Bayh-Dole allowed universities that received federal research funds to keep their intellectual property, a simple-sounding reform with a huge impact. We knew this gave us an enormous opportunity to turn academic innovations into real-world products -- not just to maximize profit but to benefit the public. But we had no road map for how to go about it.

Case Study: The Cohen-Boyer Patent and Non-Exclusive Licensing

Our model took shape in those early days when Stanford Professor Stanley Cohen and University of California, San Francisco Professor Herbert Boyer came to us with a stunning development: they could merge and clone segments of DNA, a process that would become known as recombinant DNA. Led by founder Niels Reimers, the Office of Technology Licensing decided to license the technology non-exclusively to any interested companies at a reasonable price.

The invention sparked the modern biotech industry. The Cohen-Boyer patent has been licensed to over 440 companies and is the basis of more than 2,400 transformative products, including a hepatitis B vaccine, an HIV test, and synthetic insulin.

Initially, one company approached Stanford seeking an exclusive license for the discovery, which would have prevented competing firms from licensing the patent for their own research. In some cases, exclusive licenses are perfectly appropriate, even desirable. But in the case of the Cohen-Boyer patent, the Office of Technology Licensing determined that non-exclusive rights were ideal, since they fostered partnerships between licensor and licensees, encouraging further collaboration between academia and industry. This seemingly simple decision enabled us to have a much greater societal impact than we otherwise might have.

Eventually, we realized that our success stories could be used to teach other universities how to translate their own scientists' research into beneficial consumer goods. So, our office led the effort to codify a set of principles for technology transfer in a document called "In the Public Interest: Nine Points to Consider in Licensing University Technology." Since it was published in 2007, more than 120 institutions have adopted the principles, using them as a guide for their own tech transfer offices. Today, most research universities have technology transfer offices.
 
That said, there's no quick formula for success. The passage of Bayh-Dole was a crucial starting point, but ultimately the tech-transfer process requires resourcefulness, hard work, and a willingness to take chances.

The Impact of Technology Transfer on Universities and Society

In the mid-1990s, two graduate students approached us with a novel web-search algorithm, developed with the help of a National Science Foundation grant.

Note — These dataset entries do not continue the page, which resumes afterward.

(* Assume $V=L$. Let $\theta\in\Xi$, $X\in\mathrm{IPS}_\theta$, and let $F:D^\theta\to\mathcal N$ be continuous. Then there is $Y\in\mathrm{IPS}_\theta$ with $Y\subseteq X$ such that one of the following holds: (i) for every $i\in\theta$, $F(y)\notin Y{\Downarrow}i$ for all $y\in Y$; (ii) there is $j\in\theta$ such that $F(y)=y(j)$ for all $y\in Y$, and for every $i\in\theta$ with $i\neq j$, $F(y)\notin Y{\Downarrow}i$ for all $y\in Y$.
   Context: $\mathcal N=\omega^\omega$ is the Baire space, $D=2^\omega\subseteq\mathcal N$ the Cantor space. $T$ is the set of all nonempty finite sequences of countable ordinals, ordered by strict extension $\subset$. $\Xi$ is the set of all at most countable $\xi\subseteq T$ closed downward under $\subset$. $D^\xi$ is the product of $\xi$ copies of $D$ with the product topology; for $\eta\subseteq\xi$ and $x\in D^\xi$, $x\restriction\eta$ is the restriction. For $\zeta\in\Xi$, $\mathrm{IPS}_\zeta$ is the set of all $X\subseteq D^\zeta$ for which there is a homeomorphism $H$ of $D^\zeta$ onto $X$ such that for all $x_0,x_1\in D^\zeta$ and all $\xi\in\Xi$, $\xi\subseteq\zeta$: $x_0\restriction\xi=x_1\restriction\xi\iff H(x_0)\restriction\xi=H(x_1)\restriction\xi$. For $Y\subseteq D^\theta$ and $i\in\theta$, $Y{\Downarrow}i=\{y(i):y\in Y\}$. *)

theory Defs
  imports "HOL-Analysis.Analysis"
begin

(* Countable ordinals: the field of the successor cardinal of omega, i.e. the
   canonical well-order of type omega_1 (cardSuc natLeq). *)
typedef ord1 = "Field (cardSuc natLeq)"
proof -
  have "Cinfinite (cardSuc natLeq)"
    using Cinfinite_cardSuc natLeq_Card_order natLeq_cinfinite by blast
  then have "infinite (Field (cardSuc natLeq))"
    by (simp add: BNF_Cardinal_Arithmetic.cinfinite_def)
  then show ?thesis by (metis ex_in_conv finite.emptyI)
qed

(* Baire space N = nat => nat (euclidean = product of discrete nat); Cantor space D *)
definition Cantor :: "(nat \<Rightarrow> nat) set" where
  "Cantor = {f. \<forall>n. f n \<in> {0, 1}}"

definition Tseq :: "ord1 list set" where
  "Tseq = {s. s \<noteq> []}"

definition strict_ext :: "ord1 list \<Rightarrow> ord1 list \<Rightarrow> bool" where
  "strict_ext s t \<longleftrightarrow> (\<exists>u. u \<noteq> [] \<and> t = s @ u)"

definition Xi :: "ord1 list set set" where
  "Xi = {\<xi>. \<xi> \<subseteq> Tseq \<and> countable \<xi> \<and>
              (\<forall>t\<in>\<xi>. \<forall>s\<in>Tseq. strict_ext s t \<longrightarrow> s \<in> \<xi>)}"

(* D^xi with the product topology; points are extensional functions on xi *)
definition Dpow :: "ord1 list set \<Rightarrow> (ord1 list \<Rightarrow> nat \<Rightarrow> nat) topology" where
  "Dpow \<xi> = product_topology (\<lambda>_. subtopology euclidean Cantor) \<xi>"

definition IPS :: "ord1 list set \<Rightarrow> (ord1 list \<Rightarrow> nat \<Rightarrow> nat) set set" where
  "IPS \<zeta> = {X. X \<subseteq> topspace (Dpow \<zeta>) \<and>
     (\<exists>H. homeomorphic_map (Dpow \<zeta>) (subtopology (Dpow \<zeta>) X) H \<and>
       (\<forall>x0\<in>topspace (Dpow \<zeta>). \<forall>x1\<in>topspace (Dpow \<zeta>). \<forall>\<xi>\<in>Xi. \<xi> \<subseteq> \<zeta> \<longrightarrow>
          (restrict x0 \<xi> = restrict x1 \<xi> \<longleftrightarrow> restrict (H x0) \<xi> = restrict (H x1) \<xi>)))}"

definition proj_at :: "(ord1 list \<Rightarrow> nat \<Rightarrow> nat) set \<Rightarrow> ord1 list \<Rightarrow> (nat \<Rightarrow> nat) set" where
  "proj_at Y i = (\<lambda>y. y i) ` Y"

end

theory Submission
  imports Defs
begin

We patented it, but no business wanted to license it, so we licensed the rights to the students themselves. Their intellectual property now protected from encroachment, Larry Page and Sergey Brin went on to launch Google.

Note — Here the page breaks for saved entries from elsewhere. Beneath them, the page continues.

(* Let $f_1,\dots,f_m\in\mathbb{C}[x_1,\dots,x_n]$, fix an index $k\in\{1,\dots,n\}$, and let $f_{m+1}=x_k-u_0$, where $u_0$ is an extra variable treated as a parameter. Let $B$ be a finite favourable set of monomials in $x_1,\dots,x_n$ with associated monomial-multiple sets $T_1,\dots,T_{m+1}$ and coefficient matrix $\mathbf{C}(u_0)$ (as defined in the context). Partition $B=B_1\sqcup B_2$ in one of the two ways (a) $B_1=B\cap T_{m+1}$, or (b) $B_1=\{\mathbf{x}^{\alpha}\in B \mid \mathbf{x}^{\alpha}/x_k\in T_{m+1}\}$, with $B_2=B\setminus B_1$. Order the columns of $\mathbf{C}(u_0)$ so that those indexed by $B_1$ (vector $\mathbf{b}_1$) come first, followed by those indexed by $B_2$ (vector $\mathbf{b}_2$), and order the rows so that the rows coming from $f_1,\dots,f_m$ (upper block) precede the rows coming from $f_{m+1}$ (lower block). This gives a block partition $$\mathbf{C}(u_0)\begin{bmatrix}\mathbf{b}_1\\ \mathbf{b}_2\end{bmatrix}=\begin{bmatrix}\mathbf{C}_{11}&\mathbf{C}_{12}\\ \mathbf{C}_{21}&\mathbf{C}_{22}\end{bmatrix}\begin{bmatrix}\mathbf{b}_1\\ \mathbf{b}_2\end{bmatrix}.$$ If $\mathbf{C}_{12}$ has full column rank, then the resultant matrix constraint $\mathbf{M}(u_0)\mathbf{b}=\mathbf{0}$ can be converted into an eigenvalue problem: rows may be deleted from the upper block to obtain a square matrix $\mathbf{M}(u_0)$ whose upper-right block $\hat{\mathbf{A}}_{12}$ is square and invertible, and there is a square matrix $\mathbf{X}$ whose entries are functions of the coefficients of $f_1,\dots,f_m$ (and do not depend on $u_0$) such that every vector $\mathbf{b}=(\mathbf{b}_1,\mathbf{b}_2)$ with $\mathbf{M}(u_0)\mathbf{b}=\mathbf{0}$ satisfies $\mathbf{X}\mathbf{b}_1=u_0\mathbf{b}_1$ in case (a), and $\mathbf{X}\mathbf{b}_1=-\frac{1}{u_0}\mathbf{b}_1$ (for $u_0\neq 0$) in case (b).
   Context: For a finite set $B$ of monomials in $x_1,\dots,x_n$ and $i=1,\dots,m+1$, let $T_i$ be the set of all monomials $t$ such that every monomial occurring in $t f_i$ lies in $B$ (for $f_{m+1}=x_k-u_0$, $u_0$ is treated as a coefficient, so this means $t x_k\in B$ and $t\in B$). It is assumed that $B$ equals the set of monomials occurring in the extended system $\{t f_i : t\in T_i,\ i=1,\dots,m+1\}$. The coefficient matrix $\mathbf{C}(u_0)$ has one row for each pair $(i,t)$ with $t\in T_i$ and one column for each monomial of $B$; the entry is the coefficient of that monomial in $t f_i$ (so entries are affine in $u_0$). $B$ is called favourable if $\sum_{j=1}^{m+1}|T_j|\ge |B|$, $\min_j |T_j|>0$, and $\mathbf{C}(u_0)$ has column rank $|B|$ for a random value of $u_0$. The resultant matrix constraint is $\mathbf{M}(u_0)\mathbf{b}=\mathbf{0}$, where $\mathbf{M}(u_0)$ is a square matrix obtained from $\mathbf{C}(u_0)$ by deleting rows and $\mathbf{b}$ is the vector of monomials of $B$ in the chosen order. *)

theory Defs
  imports Complex_Main "HOL-Library.Poly_Mapping"
begin

text \<open>Monomials in x_1..x_n are exponent vectors (finitely supported nat-to-nat maps) whose support lies in {1..n};
  multivariate polynomials over the complex numbers are finitely supported maps from
  monomials to coefficients, with the library's convolution product.\<close>

type_synonym monom = "nat \<Rightarrow>\<^sub>0 nat"
type_synonym mpoly = "monom \<Rightarrow>\<^sub>0 complex"

definition is_monom :: "nat \<Rightarrow> monom \<Rightarrow> bool" where
  "is_monom n t \<longleftrightarrow> Poly_Mapping.keys t \<subseteq> {1..n}"

definition mono_poly :: "monom \<Rightarrow> mpoly" where
  "mono_poly t = Poly_Mapping.single t 1"

definition var_x :: "nat \<Rightarrow> monom" where
  "var_x k = Poly_Mapping.single k 1"

definition f_ext :: "nat \<Rightarrow> complex \<Rightarrow> mpoly" where
  "f_ext k u0 = Poly_Mapping.single (var_x k) 1 - Poly_Mapping.single 0 u0"

text \<open>The sets T_i, i = 1..m+1 (index m+1 is the extra polynomial x_k - u0).\<close>
definition Tset :: "nat \<Rightarrow> (nat \<Rightarrow> mpoly) \<Rightarrow> nat \<Rightarrow> nat \<Rightarrow> monom set \<Rightarrow> nat \<Rightarrow> monom set" where
  "Tset n f m k B i =
     (if i \<le> m then {t. is_monom n t \<and> Poly_Mapping.keys (mono_poly t * f i) \<subseteq> B}
      else {t. t \<in> B \<and> t + var_x k \<in> B})"

definition rows :: "nat \<Rightarrow> (nat \<Rightarrow> mpoly) \<Rightarrow> nat \<Rightarrow> nat \<Rightarrow> monom set \<Rightarrow> (nat \<times> monom) set" where
  "rows n f m k B = {(i, t). i \<in> {1..m+1} \<and> t \<in> Tset n f m k B i}"

definition upper_rows where
  "upper_rows n f m k B = {(i, t) \<in> rows n f m k B. i \<le> m}"

definition lower_rows where
  "lower_rows n f m k B = {(i, t) \<in> rows n f m k B. i = m + 1}"

definition Cmat :: "(nat \<Rightarrow> mpoly) \<Rightarrow> nat \<Rightarrow> nat \<Rightarrow> complex \<Rightarrow> nat \<times> monom \<Rightarrow> monom \<Rightarrow> complex" where
  "Cmat f m k u0 r beta =
     (case r of (i, t) \<Rightarrow>
        Poly_Mapping.lookup (mono_poly t * (if i \<le> m then f i else f_ext k u0)) beta)"

definition B_generated :: "nat \<Rightarrow> (nat \<Rightarrow> mpoly) \<Rightarrow> nat \<Rightarrow> nat \<Rightarrow> monom set \<Rightarrow> bool" where
  "B_generated n f m k B \<longleftrightarrow>
     B = (\<Union>i\<in>{1..m}. \<Union>t\<in>Tset n f m k B i. Poly_Mapping.keys (mono_poly t * f i))
         \<union> (\<Union>t\<in>Tset n f m k B (m+1). {t, t + var_x k})"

During my decades at the Office of Technology Licensing, thanks to that algorithm and hundreds of other licensed inventions, we have been able to direct additional resources to cutting-edge research across various high-impact fields. Since then, I've worked in the private sector. I advise the clients of the law firm Wilson Sonsini Goodrich & Rosati on tech licensing from universities, which lets me continue to help introduce new inventions into people's lives.

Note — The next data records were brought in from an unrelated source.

(* Let $\mathcal{H}=\bigotimes_{a=1}^N\mathcal{H}_a$ be finite-dimensional, $\mathcal{N}=\{\mathcal{N}_k\}$ a non-trivial neighborhood structure, and $\Phi_{\mathcal{N}}$ the quasi-local projector defined below. For any $\rho,\sigma\in\mathcal{D}(\mathcal{H})$, one has $\rho_{\mathcal{N}_k}=\sigma_{\mathcal{N}_k}$ for all $\mathcal{N}_k\in\mathcal{N}$ if and only if $\Phi_{\mathcal{N}}(\sigma)=\Phi_{\mathcal{N}}(\rho)$.
   Context: $\mathcal{D}(\mathcal{H})$ is the set of density operators; $\mathcal{B}(\mathcal{H})$ the space of linear operators. A neighborhood is $\mathcal{N}_k\subsetneq\{1,\dots,N\}$ with complement $\overline{\mathcal{N}}_k$; a neighborhood structure is a finite collection of neighborhoods, non-trivial if every index lies in some neighborhood and each neighborhood intersects another. $\rho_{\mathcal{N}_k}=\mathrm{tr}_{\overline{\mathcal{N}}_k}\rho$. For each $a$ fix an orthonormal (Hilbert–Schmidt) basis of Hermitian operators on $\mathcal{H}_a$ consisting of the (normalized) identity $I_a$ and traceless Hermitian operators $X^a_{i_a}$, $i_a=1,\dots,d_a^2-1$; let $\mathcal{X}$ be the orthonormal product basis of $\mathcal{B}(\mathcal{H})$ formed by all $N$-fold tensor products. For $X_i\in\mathcal{X}$ let $\Phi_{X_i}(M)=\mathrm{tr}(X_iM)X_i$. Let $\mathcal{X}_{\mathcal{N}_k}$ be the set of $X_i\in\mathcal{X}$ of the form $X^i_{\mathcal{N}_k}\otimes I_{\overline{\mathcal{N}}_k}$ (identity factors outside $\mathcal{N}_k$), $\mathcal{X}_{\mathcal{N}}=\bigcup_k\mathcal{X}_{\mathcal{N}_k}$, and $\Phi_{\mathcal{N}}=\sum_{X_i\in\mathcal{X}_{\mathcal{N}}}\Phi_{X_i}$. *)

theory Defs
  imports "HOL-Analysis.Analysis"
begin

text \<open>Subsystems are indexed by a < N (0-based). Subsystem a has dimension d a.
  A basis vector of H = tensor product of the H_a is a tuple x in basis_tuples N d.
  Operators on H are represented by their matrices (functions of two tuples).\<close>

type_synonym tuple = "nat \<Rightarrow> nat"
type_synonym op = "tuple \<Rightarrow> tuple \<Rightarrow> complex"

definition tuples_on :: "nat set \<Rightarrow> (nat \<Rightarrow> nat) \<Rightarrow> tuple set" where
  "tuples_on S d = PiE S (\<lambda>a. {..<d a})"

definition basis_tuples :: "nat \<Rightarrow> (nat \<Rightarrow> nat) \<Rightarrow> tuple set" where
  "basis_tuples N d = tuples_on {..<N} d"

definition density_op :: "nat \<Rightarrow> (nat \<Rightarrow> nat) \<Rightarrow> op \<Rightarrow> bool" where
  "density_op N d \<rho> \<longleftrightarrow>
     (\<forall>v :: tuple \<Rightarrow> complex.
        (\<Sum>x\<in>basis_tuples N d. \<Sum>y\<in>basis_tuples N d. cnj (v x) * \<rho> x y * v y) \<in> \<real> \<and>
        Re (\<Sum>x\<in>basis_tuples N d. \<Sum>y\<in>basis_tuples N d. cnj (v x) * \<rho> x y * v y) \<ge> 0)
     \<and> (\<Sum>x\<in>basis_tuples N d. \<rho> x x) = 1"

definition merge_tuple :: "nat set \<Rightarrow> tuple \<Rightarrow> tuple \<Rightarrow> tuple" where
  "merge_tuple K x z = (\<lambda>a. if a \<in> K then x a else z a)"

text \<open>Partial trace over the complement of K: the reduced operator rho_K on the
  tensor product of the H_a, a in K.\<close>
definition ptrace :: "nat \<Rightarrow> (nat \<Rightarrow> nat) \<Rightarrow> nat set \<Rightarrow> op \<Rightarrow> op" where
  "ptrace N d K \<rho> = (\<lambda>x y.
     if x \<in> tuples_on K d \<and> y \<in> tuples_on K d then
       (\<Sum>z\<in>tuples_on ({..<N} - K) d. \<rho> (merge_tuple K x z) (merge_tuple K y z))
     else 0)"

definition nontrivial_neighborhood_structure :: "nat \<Rightarrow> nat set set \<Rightarrow> bool" where
  "nontrivial_neighborhood_structure N NS \<longleftrightarrow>
     finite NS \<and> (\<forall>K\<in>NS. K \<subset> {..<N}) \<and>
     (\<forall>a<N. \<exists>K\<in>NS. a \<in> K) \<and>
     (\<forall>K\<in>NS. \<exists>K'\<in>NS. K' \<noteq> K \<and> K \<inter> K' \<noteq> {})"

text \<open>B a j r c : the (r,c) matrix entry of the j-th element (j < d a ^ 2) of the
  local Hilbert--Schmidt orthonormal Hermitian basis on H_a; element 0 is the normalized
  identity, the others are traceless.\<close>
definition local_bases :: "nat \<Rightarrow> (nat \<Rightarrow> nat) \<Rightarrow> (nat \<Rightarrow> nat \<Rightarrow> nat \<Rightarrow> nat \<Rightarrow> complex) \<Rightarrow> bool" where
  "local_bases N d B \<longleftrightarrow> (\<forall>a<N.
     (\<forall>j<d a ^ 2. \<forall>r<d a. \<forall>c<d a. B a j r c = cnj (B a j c r)) \<and>
     (\<forall>j<d a ^ 2. \<forall>j'<d a ^ 2.
        (\<Sum>r<d a. \<Sum>c<d a. cnj (B a j r c) * B a j' r c) = (if j = j' then 1 else 0)) \<and>
     (\<forall>r<d a. \<forall>c<d a. B a 0 r c = (if r = c then 1 / complex_of_real (sqrt (real (d a))) else 0)) \<and>
     (\<forall>j. 1 \<le> j \<and> j < d a ^ 2 \<longrightarrow> (\<Sum>r<d a. B a j r r) = 0))"

definition prod_basis :: "nat \<Rightarrow> (nat \<Rightarrow> nat) \<Rightarrow> (nat \<Rightarrow> nat \<Rightarrow> nat \<Rightarrow> nat \<Rightarrow> complex) \<Rightarrow> tuple \<Rightarrow> op" where
  "prod_basis N d B j = (\<lambda>x y.
     if x \<in> basis_tuples N d \<and> y \<in> basis_tuples N d
     then (\<Prod>a<N. B a (j a) (x a) (y a)) else 0)"

definition multi_indices :: "nat \<Rightarrow> (nat \<Rightarrow> nat) \<Rightarrow> tuple set" where
  "multi_indices N d = PiE {..<N} (\<lambda>a. {..<d a ^ 2})"

text \<open>Multi-indices of elements of X_N: identity factor outside some neighborhood.\<close>
definition nbhd_indices :: "nat \<Rightarrow> (nat \<Rightarrow> nat) \<Rightarrow> nat set set \<Rightarrow> tuple set" where
  "nbhd_indices N d NS = {j \<in> multi_indices N d. \<exists>K\<in>NS. \<forall>a<N. a \<notin> K \<longrightarrow> j a = 0}"

definition op_trace :: "nat \<Rightarrow> (nat \<Rightarrow> nat) \<Rightarrow> op \<Rightarrow> complex" where
  "op_trace N d M = (\<Sum>x\<in>basis_tuples N d. M x x)"

definition op_mult :: "nat \<Rightarrow> (nat \<Rightarrow> nat) \<Rightarrow> op \<Rightarrow> op \<Rightarrow> op" where
  "op_mult N d A M = (\<lambda>x y. \<Sum>z\<in>basis_tuples N d. A x z * M z y)"

definition Phi_X :: "nat \<Rightarrow> (nat \<Rightarrow> nat) \<Rightarrow> op \<Rightarrow> op \<Rightarrow> op" where
  "Phi_X N d X M = (\<lambda>x y. op_trace N d (op_mult N d X M) * X x y)"

definition Phi_N :: "nat \<Rightarrow> (nat \<Rightarrow> nat) \<Rightarrow> (nat \<Rightarrow> nat \<Rightarrow> nat \<Rightarrow> nat \<Rightarrow> complex) \<Rightarrow> nat set set \<Rightarrow> op \<Rightarrow> op" where
  "Phi_N N d B NS M = (\<lambda>x y. \<Sum>j\<in>nbhd_indices N d NS. Phi_X N d (prod_basis N d B j) M x y)"

end

theory Submission
  imports Defs "Jordan_Normal_Form.Determinant"
begin

text \<open>A coefficient \<open>tr(X\<^sub>j \<rho>)\<close> kept by \<open>\<Phi>\<^sub>\<N>\<close> belongs to a product basis element that is the
  identity outside some neighbourhood \<open>K\<close>, so it is a nonzero multiple of \<open>tr(P\<^sub>j \<rho>\<^sub>K)\<close>. The
  \<open>P\<^sub>j\<close> form an orthonormal, hence (by counting dimensions) complete, basis of operators on the
  subsystem \<open>K\<close>; thus the reduced states on the neighbourhoods are equivalent data to the kept
  coefficients, and these are in turn read off from \<open>\<Phi>\<^sub>\<N>(\<rho>)\<close> by orthonormality.\<close>

lemma sum_lessThan_mult_div_mod:
  fixes g :: "nat \<Rightarrow> nat \<Rightarrow> 'a::comm_monoid_add"
  shows "(\<Sum>k<m * n. g (k div n) (k mod n)) = (\<Sum>r<m. \<Sum>c<n. g r c)"
proof -
  have "(\<Sum>k<m * n. g (k div n) (k mod n)) = (\<Sum>r<m. \<Sum>k\<in>{r * n..<r * n + n}. g (k div n) (k mod n))"
    by (rule sum.nat_group[symmetric])
  also have "\<dots> = (\<Sum>r<m. \<Sum>c<n. g ((r * n + c) div n) ((r * n + c) mod n))"
    by (subst sum.atLeastLessThan_shift_0) (simp add: atLeast0LessThan add.commute)
  also have "\<dots> = (\<Sum>r<m. \<Sum>c<n. g r c)"
    by (intro sum.cong refl) auto
  finally show ?thesis .
qed

text \<open>A square matrix with orthonormal rows is unitary, so its columns are orthonormal as well.\<close>
lemma orthonormal_rows_imp_orthonormal_cols:
  fixes f :: "nat \<Rightarrow> nat \<Rightarrow> complex"
  assumes rows: "\<forall>i<m. \<forall>j<m. (\<Sum>k<m. cnj (f i k) * f j k) = (if i = j then 1 else 0)"
    and "k < m" "k' < m"
  shows "(\<Sum>i<m. f i k * cnj (f i k')) = (if k = k' then 1 else 0)"
proof -
  define A where "A = Matrix.mat m m (\<lambda>(i, k). cnj (f i k))"
  define C where "C = Matrix.mat m m (\<lambda>(k, i). f i k)"
  have "A * C = 1\<^sub>m m"
    using rows by (intro eq_matI) (auto simp: A_def C_def scalar_prod_def lessThan_atLeast0)
  then have "C * A = 1\<^sub>m m"
    by (rule mat_mult_left_right_inverse[rotated 2]) (auto simp: A_def C_def)
  then have "(C * A) $$ (k, k') = (if k = k' then 1 else 0)"
    using assms(2,3) by simp
  then show ?thesis
    using assms(2,3) by (simp add: A_def C_def scalar_prod_def lessThan_atLeast0)
qed

lemma local_bases_orthonormal:
  assumes "local_bases N d B" "a < N" "i < d a ^ 2" "i' < d a ^ 2"
  shows "(\<Sum>r<d a. \<Sum>c<d a. cnj (B a i r c) * B a i' r c) = (if i = i' then 1 else 0)"
  using assms unfolding local_bases_def by blast

lemma local_bases_identity:
  assumes "local_bases N d B" "a < N" "r < d a" "c < d a"
  shows "B a 0 r c = (if r = c then 1 / complex_of_real (sqrt (real (d a))) else 0)"
  using assms unfolding local_bases_def by blast

lemma local_basis_complete:
  assumes lb: "local_bases N d B" and a: "a < N"
    and rc: "r < d a" "c < d a" "r' < d a" "c' < d a"
  shows "(\<Sum>i<d a ^ 2. B a i r' c' * cnj (B a i r c)) = (if r = r' \<and> c = c' then 1 else 0)"
proof -
  define n where "n = d a"
  \<comment> \<open>flatten the \<open>n \<times> n\<close> basis matrices to rows of length \<open>n\<^sup>2\<close>; there are \<open>n\<^sup>2\<close> of them\<close>
  define f where "f i k = B a i (k div n) (k mod n)" for i k
  have "(\<Sum>k<n * n. cnj (f i k) * f j k) = (\<Sum>r<n. \<Sum>c<n. cnj (B a i r c) * B a j r c)" for i j
    unfolding f_def by (rule sum_lessThan_mult_div_mod)
  then have rows: "\<forall>i<n * n. \<forall>j<n * n. (\<Sum>k<n * n. cnj (f i k) * f j k) = (if i = j then 1 else 0)"
    using local_bases_orthonormal[OF lb a] by (simp add: n_def power2_eq_square)
  have encode_less: "x * n + y < n * n" if "x < n" "y < n" for x y
  proof -
    have "x * n + y < Suc x * n" using that by simp
    also have "\<dots> \<le> n * n" using that by (intro mult_le_mono1) simp
    finally show ?thesis .
  qed
  have encode_eq: "r' * n + c' = r * n + c \<longleftrightarrow> r = r' \<and> c = c'"
  proof
    assume "r' * n + c' = r * n + c"
    then have "(r' * n + c') div n = (r * n + c) div n" "(r' * n + c') mod n = (r * n + c) mod n"
      by simp_all
    then show "r = r' \<and> c = c'" using rc by (simp add: n_def)
  qed simp
  have "(\<Sum>i<n * n. f i (r' * n + c') * cnj (f i (r * n + c))) = (if r = r' \<and> c = c' then 1 else 0)"
    using orthonormal_rows_imp_orthonormal_cols[OF rows] encode_less encode_eq rc
    by (simp add: n_def)
  then show ?thesis
    using rc by (simp add: f_def n_def power2_eq_square)
qed

lemma prod_if_all:
  fixes f :: "'a \<Rightarrow> 'b::comm_semiring_1"
  shows "finite K \<Longrightarrow> (\<Prod>a\<in>K. if P a then f a else 0) = (if \<forall>a\<in>K. P a then prod f K else 0)"
  by (induction K rule: finite_induct) auto

lemma PiE_eq_iff_pointwise:
  assumes "x \<in> PiE S A" "y \<in> PiE S A'"
  shows "x = y \<longleftrightarrow> (\<forall>a\<in>S. x a = y a)"
  using assms by (auto simp: PiE_iff intro: extensionalityI)

lemma finite_tuples_on: "finite S \<Longrightarrow> finite (tuples_on S d)"
  unfolding tuples_on_def by (rule finite_PiE) auto

lemma finite_multi_indices: "finite (multi_indices N d)"
  unfolding multi_indices_def by (rule finite_PiE) auto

In both my current and earlier roles, I've witnessed how central a tech transfer office can be to helping a university further its mission. Academics do tremendous work conducting basic science, discovering the fundamental physical realities of our world. But by transferring some of those discoveries to outside developers, universities can also do more. They can fund more research, and make sure that those breakthroughs go on to benefit society at large.